Характеризуя поведение индивида в толпе, Лебон подчеркивал его бессознательный и иррациональный характер: исчезает сознательная личность, человек действует как бы под гипнозом, утрачивается часть способностей, высшей степени достигает экзальтация. Эмоции господствуют над разумом, преобладает тенденция к немедленной реализации внушенных вождем идей, т. е. индивид как бы перестает быть самим собой и превращается в безвольный автомат. Индивид в толпе обретает новую, коллективную душу, превращается в простую клеточку некоего организма и при этом опускается на несколько ступеней по лестнице цивилизации. Вместо культурного человека перед нами дикарь, руководствующийся древними предрассудками, расовыми традициями, грубыми инстинктами, обладающий порывистостью, спонтанностью, героизмом первобытных людей. Но Лебон так и не упомянул, кто играет роль гипнотизера по отношению к толпе.

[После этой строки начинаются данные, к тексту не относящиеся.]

text \<open>Enlarging the range of the inserted index to \<open>[lower_at a ks, ks ! (a - 1) + d]\<close> and
  cutting it at the lower end or at the upper end gives two decompositions; comparing them
  expresses the sum over the translated domain by the original one and boundary sums.\<close>
lemma infsum_insert_dom_shift:
  fixes \<Phi> :: "nat list \<times> nat \<Rightarrow> complex"
  assumes "a \<le> n"
    and "\<Phi> summable_on insert_dom n a 0" "\<Phi> summable_on insert_dom n a d"
    and "\<And>t. t < d \<Longrightarrow> (\<lambda>ks. \<Phi> (ks, lower_at a ks + t)) summable_on chains n"
    and "\<And>t. 0 < a \<Longrightarrow> t \<in> {1..d} \<Longrightarrow> (\<lambda>ks. \<Phi> (ks, ks ! (a - 1) + t)) summable_on chains n"
  shows "infsum \<Phi> (insert_dom n a d) = infsum \<Phi> (insert_dom n a 0)
           - (\<Sum>t<d. infsum (\<lambda>ks. \<Phi> (ks, lower_at a ks + t)) (chains n))
           + (if a = 0 then 0 else (\<Sum>t\<in>{1..d}. infsum (\<lambda>ks. \<Phi> (ks, ks ! (a - 1) + t)) (chains n)))"
proof -
  define U where "U = {(ks, m). ks \<in> chains n \<and> lower_at a ks \<le> m \<and> (0 < a \<longrightarrow> m \<le> ks ! (a - 1) + d)}"
  define L where "L = (\<Union>t<d. (\<lambda>ks. (ks, lower_at a ks + t)) ` chains n)"
  define H where "H = (\<Union>t\<in>{1..d}. (\<lambda>ks. (ks, ks ! (a - 1) + t)) ` chains n)"
  have L_sums: "\<Phi> summable_on L"
    "infsum \<Phi> L = (\<Sum>t<d. infsum (\<lambda>ks. \<Phi> (ks, lower_at a ks + t)) (chains n))"
    unfolding L_def by (rule infsum_union_graphs; use assms(4) in simp)+
  have H_sums: "\<Phi> summable_on H"
    "infsum \<Phi> H = (\<Sum>t\<in>{1..d}. infsum (\<lambda>ks. \<Phi> (ks, ks ! (a - 1) + t)) (chains n))" if "0 < a"
    unfolding H_def by (rule infsum_union_graphs; use assms(5) that in simp)+
  have U_lower: "infsum \<Phi> U = infsum \<Phi> (insert_dom n a d) + infsum \<Phi> L"
    unfolding U_def insert_dom_lower_strips[OF assms(1)] L_def[symmetric]
    by (rule infsum_Un_disjoint[OF assms(3) L_sums(1)]) (auto simp: insert_dom_def L_def)
  have U_upper: "infsum \<Phi> U = infsum \<Phi> (insert_dom n a 0) + (if a = 0 then 0 else infsum \<Phi> H)"
  proof (cases "a = 0")
    case False
    have "infsum \<Phi> (insert_dom n a 0 \<union> H) = infsum \<Phi> (insert_dom n a 0) + infsum \<Phi> H"
      by (rule infsum_Un_disjoint[OF assms(2) H_sums(1)]) (use False in \<open>auto simp: insert_dom_def H_def\<close>)
    then show ?thesis
      unfolding U_def insert_dom_upper_strips[OF assms(1)] H_def[symmetric] using False by simp
  next
    case True
    show ?thesis
      unfolding U_def insert_dom_upper_strips[OF assms(1)] using True by simp
  qed
  have "infsum \<Phi> (insert_dom n a d) = infsum \<Phi> (insert_dom n a 0) + (if a = 0 then 0 else infsum \<Phi> H) - infsum \<Phi> L"
    using U_lower U_upper by (simp add: eq_diff_eq)
  then show ?thesis
    using L_sums(2) H_sums(2) by (cases "a = 0") (simp_all add: diff_add_eq)
qed

section \<open>Sums of products over chains\<close>

definition prod_slots :: "(nat \<Rightarrow> complex) list \<Rightarrow> nat list \<Rightarrow> complex" where
  "prod_slots fs ks = prod_list (map2 (\<lambda>f k. f k) fs ks)"

definition chain_sum :: "(nat \<Rightarrow> complex) list \<Rightarrow> complex" where
  "chain_sum fs = infsum (prod_slots fs) (chains (length fs))"

lemma prod_slots_Nil [simp]: "prod_slots [] ks = 1" "prod_slots fs [] = 1"
  by (simp_all add: prod_slots_def)

lemma prod_slots_Cons [simp]: "prod_slots (f # fs) (k # ks) = f k * prod_slots fs ks"
  by (simp add: prod_slots_def)

lemma prod_slots_append:
  "length fs = length ks \<Longrightarrow> prod_slots (fs @ gs) (ks @ ms) = prod_slots fs ks * prod_slots gs ms"
  by (simp add: prod_slots_def)

lemma prod_slots_conv_prod:
  "length ks = length fs \<Longrightarrow> prod_slots fs ks = (\<Prod>i<length fs. (fs ! i) (ks ! i))"
proof (induction fs arbitrary: ks)
  case (Cons f fs)
  then show ?case
    by (cases ks) (auto simp: prod.lessThan_Suc_shift simp del: prod.lessThan_Suc)
qed simp

lemma prod_slots_middle:
  assumes "length ks = length fs + Suc (length gs)"
  shows "prod_slots (fs @ f # gs) ks
           = prod_slots fs (take (length fs) ks) * f (ks ! length fs) * prod_slots gs (drop (Suc (length fs)) ks)"
proof -
  have "ks = take (length fs) ks @ ks ! length fs # drop (Suc (length fs)) ks"
    using assms by (simp add: id_take_nth_drop)
  then have "prod_slots (fs @ f # gs) ks
               = prod_slots (fs @ f # gs) (take (length fs) ks @ ks ! length fs # drop (Suc (length fs)) ks)"
    by (rule arg_cong)
  also have "\<dots> = prod_slots fs (take (length fs) ks) * prod_slots (f # gs) (ks ! length fs # drop (Suc (length fs)) ks)"
    by (rule prod_slots_append) (use assms in simp)
  finally show ?thesis
    by (simp add: mult.assoc)
qed

lemma prod_slots_middle_cmult:
  "length ks = length fs + Suc (length gs) \<Longrightarrow>
   prod_slots (fs @ (\<lambda>k. c * f k) # gs) ks = c * prod_slots (fs @ f # gs) ks"
  by (simp add: prod_slots_middle algebra_simps)

lemma prod_slots_insert_at:
  "length ks = length fs + length gs \<Longrightarrow>
   prod_slots (fs @ g # gs) (insert_at (length fs) ks m)
     = prod_slots fs (take (length fs) ks) * g m * prod_slots gs (drop (length fs) ks)"
  by (simp add: insert_at_def prod_slots_append)

lemma chain_sum_eq_infsum_insert_dom:
  assumes "length hs = Suc n" "a \<le> n"
  shows "chain_sum hs = infsum (\<lambda>(ks, m). prod_slots hs (insert_at a ks m)) (insert_dom n a 0)"
    and "prod_slots hs summable_on chains (Suc n) \<longleftrightarrow>
           (\<lambda>(ks, m). prod_slots hs (insert_at a ks m)) summable_on insert_dom n a 0"
proof -
  have eq: "chains (Suc n) = (\<lambda>(ks, m). insert_at a ks m) ` insert_dom n a 0"
    by (rule chains_Suc_eq_image_insert_at[OF assms(2)])
  note inj = inj_on_insert_at[OF assms(2), of 0]
  show "chain_sum hs = infsum (\<lambda>(ks, m). prod_slots hs (insert_at a ks m)) (insert_dom n a 0)"
    unfolding chain_sum_def assms(1) eq infsum_reindex[OF inj] by (rule infsum_cong) auto
  show "prod_slots hs summable_on chains (Suc n) \<longleftrightarrow>
          (\<lambda>(ks, m). prod_slots hs (insert_at a ks m)) summable_on insert_dom n a 0"
    unfolding eq summable_on_reindex[OF inj] by (rule summable_on_cong) auto
qed

text \<open>Summation by parts in one slot: translating the function in slot \<open>length fs\<close> by \<open>d\<close> costs
  the terms where the index of that slot hits its lower bound, and gains those where it exceeds
  its upper bound, i.e. the index of the previous slot, by at most \<open>d\<close>.\<close>
lemma chain_sum_shift:
  fixes fs gs :: "(nat \<Rightarrow> complex) list"
  defines "a \<equiv> length fs" and "n \<equiv> length fs + length gs"
  assumes "prod_slots (fs @ g # gs) summable_on chains (Suc n)"
    and "prod_slots (fs @ (\<lambda>k. g (k + d)) # gs) summable_on chains (Suc n)"
    and "\<And>t. t < d \<Longrightarrow>
           (\<lambda>ks. prod_slots (fs @ g # gs) (insert_at a ks (lower_at a ks + t))) summable_on chains n"
    and "\<And>t. fs \<noteq> [] \<Longrightarrow> t \<in> {1..d} \<Longrightarrow>
           (\<lambda>ks. prod_slots (fs @ g # gs) (insert_at a ks (ks ! (a - 1) + t))) summable_on chains n"
  shows "chain_sum (fs @ (\<lambda>k. g (k + d)) # gs) = chain_sum (fs @ g # gs)
           - (\<Sum>t<d. infsum (\<lambda>ks. prod_slots (fs @ g # gs) (insert_at a ks (lower_at a ks + t))) (chains n))
           + (if fs = [] then 0
              else \<Sum>t\<in>{1..d}. infsum (\<lambda>ks. prod_slots (fs @ g # gs) (insert_at a ks (ks ! (a - 1) + t))) (chains n))"
proof -
  define \<Phi> where "\<Phi> = (\<lambda>(ks, m). prod_slots (fs @ g # gs) (insert_at a ks m))"
  have an: "a \<le> n" and len: "length (fs @ g # gs) = Suc n" "length (fs @ (\<lambda>k. g (k + d)) # gs) = Suc n"
    by (simp_all add: a_def n_def)
  have shifted: "(\<lambda>(ks, m). prod_slots (fs @ (\<lambda>k. g (k + d)) # gs) (insert_at a ks m)) x
                   = (\<Phi> \<circ> (\<lambda>(ks, m). (ks, m + d))) x" if x_dom: "x \<in> insert_dom n a 0" for x
  proof -
    obtain ks m where x: "x = (ks, m)" and "ks \<in> chains n"
      using x_dom by (cases x) (auto simp: insert_dom_def)
    then have l: "length ks = length fs + length gs"
      by (simp add: chains_length n_def)
    show ?thesis
      unfolding x \<Phi>_def comp_def case_prod_conv a_def by (simp only: prod_slots_insert_at[OF l])
  qed
  have inj: "inj_on (\<lambda>(ks, m :: nat). (ks, m + d)) (insert_dom n a 0)"
    by (rule inj_onI) auto
  have shifted_sum: "chain_sum (fs @ (\<lambda>k. g (k + d)) # gs) = infsum \<Phi> (insert_dom n a d)"
    unfolding chain_sum_eq_infsum_insert_dom(1)[OF len(2) an] insert_dom_shift[of d n a, symmetric]
      infsum_reindex[OF inj] by (rule infsum_cong) (rule shifted)
  have shifted_summable: "\<Phi> summable_on insert_dom n a d"
    using assms(4) unfolding chain_sum_eq_infsum_insert_dom(2)[OF len(2) an] insert_dom_shift[of d n a, symmetric]
      summable_on_reindex[OF inj] by (rule summable_on_cong[THEN iffD1, rotated]) (rule shifted)
  have sum: "chain_sum (fs @ g # gs) = infsum \<Phi> (insert_dom n a 0)"
    unfolding \<Phi>_def by (rule chain_sum_eq_infsum_insert_dom(1)[OF len(1) an])
  have summable: "\<Phi> summable_on insert_dom n a 0"
    using assms(3) unfolding \<Phi>_def chain_sum_eq_infsum_insert_dom(2)[OF len(1) an] .
  have "\<And>t. t < d \<Longrightarrow> (\<lambda>ks. \<Phi> (ks, lower_at a ks + t)) summable_on chains n"
    and "\<And>t. 0 < a \<Longrightarrow> t \<in> {1..d} \<Longrightarrow> (\<lambda>ks. \<Phi> (ks, ks ! (a - 1) + t)) summable_on chains n"
    using assms(5,6) by (simp_all add: \<Phi>_def a_def)
  from infsum_insert_dom_shift[OF an summable shifted_summable this]
  show ?thesis
    unfolding shifted_sum sum by (simp add: \<Phi>_def a_def)
qed

text \<open>The two kinds of boundary terms are again sums of products over shorter chains: the
  translated function merges with the neighbouring slot.\<close>
lemma prod_slots_lower_boundary_Nil:
  "length ks = length fs \<Longrightarrow>
   prod_slots (fs @ [g]) (insert_at (length fs) ks (lower_at (length fs) ks + t)) = g (1 + t) * prod_slots fs ks"
  by (simp add: lower_at_def insert_at_def prod_slots_append)

lemma prod_slots_lower_boundary_Cons:
  assumes "ks \<in> chains (length fs + Suc (length gs))"
  shows "prod_slots (fs @ g # f # gs) (insert_at (length fs) ks (lower_at (length fs) ks + t))
       = prod_slots (fs @ (\<lambda>m. g (m + t) * f m) # gs) ks"
  using assms by (simp add: chains_length lower_at_def insert_at_def prod_slots_append
      prod_slots_middle[where fs=fs] Cons_nth_drop_Suc[symmetric])

lemma prod_slots_upper_boundary:
  assumes "ks \<in> chains (length fs + length gs)" "fs \<noteq> []"
  shows "prod_slots (fs @ g # gs) (insert_at (length fs) ks (ks ! (length fs - 1) + t))
       = prod_slots (butlast fs @ (\<lambda>m. last fs m * g (m + t)) # gs) ks"
proof -
  obtain fs' f where fs: "fs = fs' @ [f]"
    using assms(2) by (cases fs rule: rev_exhaust) auto
  have "length ks = Suc (length fs' + length gs)"
    using assms(1) fs by (simp add: chains_length)
  then show ?thesis
    by (simp add: fs insert_at_def prod_slots_append prod_slots_middle[where fs=fs']
        take_Suc_conv_app_nth Cons_nth_drop_Suc[symmetric] mult_ac)
qed

section \<open>Finite sums of shifted powers\<close>

text \<open>A triple \<open>(c, d, s)\<close> stands for the function \<open>k \<mapsto> c (k + d)\<^sup>-\<^sup>s\<close> on positive integers;
  a list of triples stands for their sum.\<close>
type_synonym ratfun = "(rat \<times> nat \<times> int) list"

definition ratfun_eval :: "ratfun \<Rightarrow> nat \<Rightarrow> complex" where
  "ratfun_eval R k = (\<Sum>(c, d, s)\<leftarrow>R. of_rat c * of_nat (k + d) powi (- s))"

definition ratfun_weight :: "ratfun \<Rightarrow> nat" where
  "ratfun_weight R = foldr (\<lambda>(c, d, s) w. max (nat s) w) R 0"

definition ratfun_scale :: "rat \<Rightarrow> ratfun \<Rightarrow> ratfun" where
  "ratfun_scale r R = map (\<lambda>(c, d, s). (r * c, d, s)) R"

lemma ratfun_eval_Nil [simp]: "ratfun_eval [] k = 0"
  by (simp add: ratfun_eval_def)

lemma ratfun_eval_Cons [simp]:
  "ratfun_eval ((c, d, s) # R) k = of_rat c * of_nat (k + d) powi (- s) + ratfun_eval R k"
  by (simp add: ratfun_eval_def)

lemma ratfun_eval_append [simp]: "ratfun_eval (R @ R') k = ratfun_eval R k + ratfun_eval R' k"
  by (simp add: ratfun_eval_def)

lemma ratfun_eval_scale [simp]: "ratfun_eval (ratfun_scale r R) k = of_rat r * ratfun_eval R k"
  by (induction R) (auto simp: ratfun_scale_def of_rat_mult algebra_simps)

Описывая психическое состояние толпы, Лебон обращал внимание на ее импульсивность, изменчивость, отсутствие преднамеренных действий, инстинкта самосохранения, легковерность, гиперболичность чувств и оценок, уважение к силе, магическую веру в силу слова, жажду иллюзий вместо истин. Проще говоря, и в этом случае наблюдается прямая аналогия с психикой первобытного человека. Однако в ряде случаев, под влиянием внушения, массы способны на благородные поступки, что в какой-то мере искупает издержки демократических механизмов.
Свой особый подход к изучению психологии толпы характерен для французского социолога Г. Тарда (1843–1904). Пытаясь сформулировать законы формирования коллективного сознания, он счел главным психический механизм подражания в противовес механизму внушения и заражения и в своих трудах дал его подробное описание. “В общественном отношении, – писал он, – все оказывается изобретениями и подражаниями; подражания – это реки, вытекающие из тех гор, что представляют собой изобретения”. В данном случае очевидна неоправданная попытка сведения сложного и многогранного явления к одномерному первоначалу.
Итак, заслугой исследователей психологии толпы является разделение индивидуальной и коллективной психологии, создание предпосылок для изучения классовой психологии и общественного мнения. С практической точки зрения важно помнить, что для индивида в толпе типичны: обезличенность, резкое преобладание чувств, утрата интеллекта, личной ответственности (например, обыватель поздно вечером спокойно пройдет мимо разбитой витрины магазина, но если он увидит, что из этой витрины тащат кто что может, не исключено, что у него возникнет желание к ним присоединиться). Подтверждением этому может служить “ночь диких зверей” в Нью-Йорке, когда в одну из июньских ночей 1976 г. город оказался обесточен и на несколько часов погрузился во тьму. В результате – коллективные грабежи и погромы с участием десятков тысяч человек и материальным ущербом около 10 млрд долларов.
Следовательно, общение с толпой требует некоторых навыков, знания определенных приемов. В зависимости от конкретной ситуации можно попробовать:
- “успокоить толпу”, например при помощи обещаний. Такой прием достаточно эффективен, поскольку для психологов является аксиомой то, что ожидания стимулируют сильнее, чем результат. Если сомневаетесь в этом, мысленно сопоставьте эмоции, связанные с ожиданием получения денег, и эмоции, которые возникают при их получении;
- “расколоть толпу”, например клиентов банка, обвинив тех, кто стоит впереди, в том, что они слишком копаются, излишне придирчиво выбирают вид банковской услуги, а до обеденного перерыва остается слишком мало времени;
- “испугать толпу” при помощи разного рода слухов и прожективных высказываний, предложений принять конкретное участие в ситуации (например, зарегистрироваться в качестве свидетелей дорожно-транспортного происшествия).